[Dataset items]
<<<<
(* Let $X_1,X_2,\dots$ be i.i.d. Bernoulli$(1/2)$ random variables, $S_0=0$ and $S_k=\sum_{i=1}^k X_i$. Then $$a_{\mathrm{kn}}=\mathbb E\left[\sup_{k\ge0}\frac{S_k}{1+k-S_k}\right]\le 2.1.$$ *)

theory Defs
  imports "HOL-Probability.Probability"
begin

definition partial_sum :: "(nat \<Rightarrow> 'a \<Rightarrow> bool) \<Rightarrow> nat \<Rightarrow> 'a \<Rightarrow> real" where
  "partial_sum X k \<omega> = (\<Sum>i\<in>{1..k}. of_bool (X i \<omega>))"

end

theory Submission
  imports Defs
begin

(* Let Z = sup_k S_k / (1 + k - S_k). For naturals j and q > 0, Z > j/q holds iff the walk
   q S_k - j (k - S_k), which moves +q or -j with probability 1/2 each, ever exceeds j.
   If 0 < y <= 1 and 1 + y^(q+j) <= 2 y^q, then y^(c+1), as a function of the remaining
   distance c to the level, is superharmonic for this walk; counting the n-step paths that
   cross shows that the level is reached with probability at most y^(j+1).
   Summing these tail bounds over the thresholds 1, 6/5, 7/5, 3/2, 2, 5/2, 3, 4, 5, 6, 7, ...
   (a discrete layer-cake formula) gives E Z <= 1 + 1.1. *)

definition walk_sum :: "nat \<Rightarrow> nat \<Rightarrow> bool list \<Rightarrow> int" where
  "walk_sum q j bs = (\<Sum>b\<leftarrow>bs. if b then int q else - int j)"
>>>>
Reproduce the records above in full and with exact wording.

(* Let $X_1,X_2,\dots$ be i.i.d. Bernoulli$(1/2)$ random variables, $S_0=0$ and $S_k=\sum_{i=1}^k X_i$. Then $$a_{\mathrm{kn}}=\mathbb E\left[\sup_{k\ge0}\frac{S_k}{1+k-S_k}\right]\le 2.1.$$ *)

theory Defs
  imports "HOL-Probability.Probability"
begin

definition partial_sum :: "(nat \<Rightarrow> 'a \<Rightarrow> bool) \<Rightarrow> nat \<Rightarrow> 'a \<Rightarrow> real" where
  "partial_sum X k \<omega> = (\<Sum>i\<in>{1..k}. of_bool (X i \<omega>))"

end

theory Submission
  imports Defs
begin

(* Let Z = sup_k S_k / (1 + k - S_k). For naturals j and q > 0, Z > j/q holds iff the walk
   q S_k - j (k - S_k), which moves +q or -j with probability 1/2 each, ever exceeds j.
   If 0 < y <= 1 and 1 + y^(q+j) <= 2 y^q, then y^(c+1), as a function of the remaining
   distance c to the level, is superharmonic for this walk; counting the n-step paths that
   cross shows that the level is reached with probability at most y^(j+1).
   Summing these tail bounds over the thresholds 1, 6/5, 7/5, 3/2, 2, 5/2, 3, 4, 5, 6, 7, ...
   (a discrete layer-cake formula) gives E Z <= 1 + 1.1. *)

definition walk_sum :: "nat \<Rightarrow> nat \<Rightarrow> bool list \<Rightarrow> int" where
  "walk_sum q j bs = (\<Sum>b\<leftarrow>bs. if b then int q else - int j)"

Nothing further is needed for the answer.